Le gustaría ser como uno de sus amigos que, todos los días, sin falta alguna, se despierta a las 4:30 a.m., medita, hace ejercicio y luego le prepara el desayuno a toda la familia. Por las tardes, cuando él estaría con ganas de echarse una siesta, su amigo, en cambio, practica escalada. No entiende de dónde saca tanta energía. 

Da media vuelta, cierra los ojos e intenta dormirse de nuevo, pero no puede. La alarma de los mil demonios dañó el cauce de los eventos: dormir hasta las 6, y luego ver qué tiene el mundo por ofrecerle el día de hoy. A modo de protesta decide quedarse en la cama hasta esa hora, echando globos sobre la existencia, la suya y la del mundo. 

El tiempo, que se elonga y se contrae como le da la gana, pasa rápido, y cuando está tejiendo una fantasía con una mujer de pelo crespo con un aroma de flores en una primavera holandesa—no tiene ni idea qué significa eso, pero está en todo su derecho de elucubrar su fantasía de cualquier manera, por más disparatada que sea—, suena la alarma, la verdadera. 

El hombre del que hablamos siente que la vida, la suya por lo menos, volvió a tomar el cauce natural, si es que las vidas tienen eso; se levanta y va a la cocina a prepararse el primer café del día. 

De los métodos que conoce para prepararlo: Prensa francesa, cafetera italiana y con filtros de papel, la prueba y el error lo ha llevado a la conclusión de que el mejor es el segundo.
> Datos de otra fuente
lemma power_series_minus_const_bounds:
  fixes c :: "nat \<Rightarrow> real"
  assumes "\<And>k. 0 \<le> c k" "\<And>k. c k \<le> B" and "0 \<le> y" "y < 1"
  shows "0 \<le> power_series c y - c 0" and "power_series c y - c 0 \<le> y * power_series (diffs c) y"
proof -
  have B: "\<bar>c k\<bar> \<le> B" for k using assms(1,2)[of k] by simp
  have s: "summable (\<lambda>k. c k * y ^ k)" and sd: "summable (\<lambda>k. diffs c k * y ^ k)"
    using assms(3,4) by (auto intro: summable_power_series_bounded[OF B] summable_power_series_diffs_bounded[OF B])
  have tail: "(\<Sum>k. c (Suc k) * y ^ Suc k) = power_series c y - c 0"
    using suminf_split_head[OF s] unfolding power_series_def by simp
  have s1: "summable (\<lambda>k. c (Suc k) * y ^ Suc k)"
    using s by (subst summable_Suc_iff)
  show "0 \<le> power_series c y - c 0"
    unfolding tail[symmetric] using assms s1 by (intro suminf_nonneg) auto
  have "(\<Sum>k. c (Suc k) * y ^ Suc k) \<le> (\<Sum>k. y * (diffs c k * y ^ k))"
  proof (rule suminf_le)
    fix k
    have "c (Suc k) \<le> of_nat (Suc k) * c (Suc k)"
      using assms(1)[of "Suc k"] by (simp add: algebra_simps)
    then have "c (Suc k) * y ^ Suc k \<le> of_nat (Suc k) * c (Suc k) * y ^ Suc k"
      using assms(3) by (simp add: mult_right_mono)
    then show "c (Suc k) * y ^ Suc k \<le> y * (diffs c k * y ^ k)"
      by (simp add: diffs_def algebra_simps)
  qed (use s1 sd summable_mult in auto)
  also have "\<dots> = y * power_series (diffs c) y"
    unfolding power_series_def using sd by (rule suminf_mult)
  finally show "power_series c y - c 0 \<le> y * power_series (diffs c) y"
    using tail by simp
qed

lemma power_series_diffs_nonneg:
  fixes c :: "nat \<Rightarrow> real"
  assumes "\<And>k. 0 \<le> c k" "\<And>k. c k \<le> B" and "0 \<le> y" "y < 1"
  shows "0 \<le> power_series (diffs c) y"
proof -
  have "\<bar>c k\<bar> \<le> B" for k using assms(1,2)[of k] by simp
  then show ?thesis
    unfolding power_series_def using assms
    by (intro suminf_nonneg summable_power_series_diffs_bounded) (auto simp: diffs_def)
qed

lemma ln_inverse_mult_power_series_square_mono:
  fixes c :: "nat \<Rightarrow> real"
  assumes nonneg: "\<And>k. 0 \<le> c k" and bound: "\<And>k. c k \<le> B"
  shows "mono_on {0<..<1/2} (\<lambda>v. ln (1 / v) * (power_series c (v\<^sup>2) - c 0))"
proof (rule monotone_onI)
  have abs_bound: "\<bar>c k\<bar> \<le> B" for k using nonneg[of k] bound[of k] by simp
  define f' where "f' v = - 1 / v * (power_series c (v\<^sup>2) - c 0)
    + ln (1 / v) * (2 * v * power_series (diffs c) (v\<^sup>2))" for v
  have deriv: "((\<lambda>v. ln (1 / v) * (power_series c (v\<^sup>2) - c 0)) has_real_derivative f' z) (at z)"
    if "0 < z" "z < 1" for z
    unfolding f'_def using that power_series_square_has_derivative[of c B z, OF abs_bound]
    by (auto intro!: derivative_eq_intros simp: field_simps)
  fix x y :: real assume x: "x \<in> {0<..<1/2}" and y: "y \<in> {0<..<1/2}" and "x \<le> y"
  show "ln (1 / x) * (power_series c (x\<^sup>2) - c 0) \<le> ln (1 / y) * (power_series c (y\<^sup>2) - c 0)"
  proof (rule DERIV_nonneg_imp_increasing_open[OF \<open>x \<le> y\<close>])
    fix z assume "x < z" "z < y"
    then have z: "0 < z" "z < 1/2" using x y by auto
    then have z2: "0 \<le> z\<^sup>2" "z\<^sup>2 < 1" by (auto simp: power_less_one_iff)
    define D where "D = power_series (diffs c) (z\<^sup>2)"
    have "0 \<le> D"
      unfolding D_def using power_series_diffs_nonneg[OF nonneg bound z2] .
    have "power_series c (z\<^sup>2) - c 0 \<le> z\<^sup>2 * D"
      unfolding D_def using power_series_minus_const_bounds(2)[OF nonneg bound z2] .
    then have "- 1 / z * (power_series c (z\<^sup>2) - c 0) \<ge> - z * D"
      using z by (simp add: field_simps power2_eq_square)
    moreover have "1 \<le> 2 * ln (1 / z)"
    proof -
      have "ln 2 \<le> ln (1 / z)" using z by (simp add: field_simps)
      then show ?thesis using ln2_ge_two_thirds by linarith
    qed
    then have "z * D \<le> ln (1 / z) * (2 * z * D)"
      using mult_right_mono[of 1 "2 * ln (1 / z)" "z * D"] \<open>0 \<le> D\<close> z by (simp add: algebra_simps)
    ultimately have "0 \<le> f' z" unfolding f'_def D_def by linarith
    then show "\<exists>d. ((\<lambda>v. ln (1 / v) * (power_series c (v\<^sup>2) - c 0)) has_real_derivative d) (at z) \<and> 0 \<le> d"
      using deriv z by force
  next
    show "continuous_on {x..y} (\<lambda>v. ln (1 / v) * (power_series c (v\<^sup>2) - c 0))"
      using x y by (intro continuous_at_imp_continuous_on ballI DERIV_isCont[OF deriv]) auto
  qed
qed

section \<open>Expansion of the kernel \<open>1 / (u\<^sup>2 - y)\<close>\<close>

locale kernel_weight =
  fixes w :: "real \<Rightarrow> real"
  assumes measurable [measurable]: "w \<in> borel_measurable borel"
    and nonneg: "\<And>u. 1 < u \<Longrightarrow> 0 \<le> w u"
    and integrable: "set_integrable lborel {1<..} (\<lambda>u. w u / u\<^sup>2)"
begin

definition moment :: "nat \<Rightarrow> real" where
  "moment k = (LINT u:{1<..}|lborel. w u / u\<^sup>2 * (1 / u\<^sup>2) ^ k)"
La rescata del mueble de las ollas, la mira como el amante enamorado a la mujer que desea, y luego toma el pocillo—el de la figurilla de Gaudí que compró en el Barrio Gótico—, mide el agua, abre el pote del café, mide la cantidad que necesita, y la echa en el receptáculo que la almacena; prende la estufa y deja que la cafetera haga su magia. 

Luego, en el mismo pocillo que había utilizado, mide la leche que le va a echar al café, uno de los pasos más complicados del ritual, pues debe ser una medida exacta para que la bebida no quede ni tan clara ni tan oscura, la vida o la muerte, esa delgada línea, presente a todo momento, que separa la luz de las tinieblas.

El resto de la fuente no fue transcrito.